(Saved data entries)
■ ■ ■ ■

lemma kl3_hat_twist:
  assumes D: "D1 > 0" "D2 > 0" and inv: "[a * a' = 1] (mod D1)"
  shows "kl3_hat a v t 1 D1 D2 = kl3_hat 1 v (a' * t) 1 D1 D2"
proof -
  have "coprime a' D1" using inv by (auto simp: coprime_iff_invertible_int mult.commute)
  then have "[(a' * L1) mod D1 = a' * t] (mod D1) \<longleftrightarrow> [L1 = t] (mod D1)" for L1
    by (simp add: cong_mult_lcancel)
  moreover have "ee (of_int ((a * B1) mod D1) / of_int D1) = ee (of_int (a * B1) / of_int D1)" for B1
    by (rule ee_cong) simp
  ultimately have "kl_hat_term 1 v (a' * t) 1 D1 D2 ((a * B1) mod D1, B2, (a' * L1) mod D1, L2)
      = kl_hat_term a v t 1 D1 D2 (B1, B2, L1, L2)" for B1 B2 L1 L2
    by (simp add: kl_hat_term_def)
  then show ?thesis
    unfolding kl3_hat_eq_sum_kl_key[OF D] sum_kl_key_torus[OF D inv, of "kl_hat_term 1 v (a' * t) 1 D1 D2"]
    by (simp add: case_prod_beta)
qed

lemma kl3_hat_twist_coprime:
  assumes D: "D1 > 0" "D2 > 0" and "coprime a D1"
  obtains a' where "coprime a' D1" "\<And>v t. kl3_hat a v t 1 D1 D2 = kl3_hat 1 v (a' * t) 1 D1 D2"
proof -
  obtain a' where inv: "[a * a' = 1] (mod D1)" using assms(3)[unfolded coprime_iff_invertible_int] by blast
  then have "coprime a' D1" unfolding coprime_iff_invertible_int by (auto simp: mult.commute)
  then show thesis using kl3_hat_twist[OF D inv] by (rule that)
qed

lemma kl3_hat_mod:
  assumes "D1 > 0" "D2 > 0"
  shows "kl3_hat a v (t mod D1) b D1 D2 = kl3_hat a v t b D1 D2"
  unfolding kl3_hat_eq_sum_kl_key[OF assms] kl_hat_term_def by simp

■ ■ ■ ■

What you are asked to do =>
Output exactly the lines from the one containing "by (simp add: case_prod_beta)" through the last line of the entries, both ends included.

Task output =>
    by (simp add: case_prod_beta)
qed

lemma kl3_hat_twist_coprime:
  assumes D: "D1 > 0" "D2 > 0" and "coprime a D1"
  obtains a' where "coprime a' D1" "\<And>v t. kl3_hat a v t 1 D1 D2 = kl3_hat 1 v (a' * t) 1 D1 D2"
proof -
  obtain a' where inv: "[a * a' = 1] (mod D1)" using assms(3)[unfolded coprime_iff_invertible_int] by blast
  then have "coprime a' D1" unfolding coprime_iff_invertible_int by (auto simp: mult.commute)
  then show thesis using kl3_hat_twist[OF D inv] by (rule that)
qed

lemma kl3_hat_mod:
  assumes "D1 > 0" "D2 > 0"
  shows "kl3_hat a v (t mod D1) b D1 D2 = kl3_hat a v t b D1 D2"
  unfolding kl3_hat_eq_sum_kl_key[OF assms] kl_hat_term_def by simp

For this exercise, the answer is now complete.